Como docente procurei investir nesta relação, demonstrando compreensão (das dificuldades dos alunos, dos seus contextos e singularidades), aceitação (das suas opiniões e preferências), disponibilidade (para os ouvir e entender) e preocupação genuína com cada um dos alunos, nos diversos contratempos que possam ter. Segundo Rosado e Ferreira (2011) estes aspetos otimizam a integração dos alunos nos programas de ação, e como tal deve ser tido em conta. Segundo Tavares e Veiga (2006), as conversas estabelecidas entre o professor e o aluno são valorizadas por este. Então, o professor não tem que ser uma personagem distante do aluno, superior e dotado de um instrumento de poder, a autoridade. A autoridade do docente deve ser, aos olhos do aluno, vista como um reconhecimento e responsabilidade (Moreira, 2016).
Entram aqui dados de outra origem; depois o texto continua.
(* There is a positive absolute constant $k$ such that for every integer $c\ge 3$, $$G_c^{2/\varphi(c)}>k\,c.$$
   Context: For a positive integer $n$, $R(n)$ denotes the product of the distinct primes dividing $n$. $\varphi$ is Euler's totient function. For $c\ge3$, $G_c$ is the product of $R(abc)$ over all pairs of positive integers $(a,b)$ with $a+b=c$, $a<b$, $\gcd(a,b)=1$ (there are $\varphi(c)/2$ such pairs), so $G_c^{2/\varphi(c)}$ is the geometric mean of these radicals. *)

theory Defs
  imports "HOL-Number_Theory.Number_Theory"
begin

definition rad :: "nat \<Rightarrow> nat" where
  "rad n = (\<Prod>p\<in>prime_factors n. p)"

definition G :: "nat \<Rightarrow> nat" where
  "G c = (\<Prod>(a,b)\<in>{(a,b). 0 < a \<and> 0 < b \<and> a + b = c \<and> a < b \<and> coprime a b}. rad (a * b * c))"

end

theory Submission
  imports Defs "HOL-Analysis.Summation_Tests" "HOL-Real_Asymp.Real_Asymp"
begin

(*
  For a coprime splitting c = a + b we have R(abc) = R(a) R(b) R(c), and ln R(x) = ln x - D(x)
  with the defect D(x) = \<Sum>\<^sub>p (v\<^sub>p(x) - 1) ln p. Since b \<ge> c/2, every pair contributes at
  least ln (c/2) + ln R(c) - D(a) - D(b) to ln G\<^sub>c. The numbers a, b occurring are distinct
  and below c, and the sum of D(x) over 0 < x < c is at most \<kappa> c with
  \<kappa> = \<Sum>\<^sub>n ln n / (n (n - 1)), because p\<^sup>k divides at most c/p\<^sup>k of them. As there are
  at least \<phi>(c)/2 pairs, 2 ln G\<^sub>c \<ge> \<phi>(c) (ln (c/2) + ln R(c)) - 2 \<kappa> c.
  The error term is absorbed by ln R(c): if c has \<omega> prime factors, then c \<le> (\<omega> + 1) \<phi>(c),
  whereas ln R(c) \<ge> ln (\<omega> + 1)! \<ge> 2 \<kappa> (\<omega> + 1) - exp (2 \<kappa>).
  Hence 2 ln G\<^sub>c / \<phi>(c) \<ge> ln (c/2) - exp (2 \<kappa>).
*)

lemma sum_power_le_geometric:
  fixes x :: real
  assumes "0 \<le> x" "x < 1"
  shows "(\<Sum>k\<in>{m..<n}. x ^ k) \<le> x ^ m / (1 - x)"
proof (cases "m < n")
  case True
  then have "(1 - x) * (\<Sum>k\<in>{m..<n}. x ^ k) = x ^ m - x ^ n"
    using sum_gp_multiplied[of m "n - 1" x] by (simp add: atLeastLessThanSuc_atLeastAtMost[symmetric])
  also have "\<dots> \<le> x ^ m" using assms by simp
  finally show ?thesis using assms by (simp add: field_simps)
qed (use assms in simp)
Logo na primeira aula estabeleci um conjunto de regras (por exemplo, referi que não era um papagaio e como tal não gostava de repetir) e procurei ser o mais direta e sincera possível e dirigi-me a eles da seguinte forma: “terão de mim o melhor, se me derem o vosso melhor”. Esta conversa inicial funcionou bem com ambas as turmas e fez com que os próprios alunos se corrigissem uns aos outros durante as aulas.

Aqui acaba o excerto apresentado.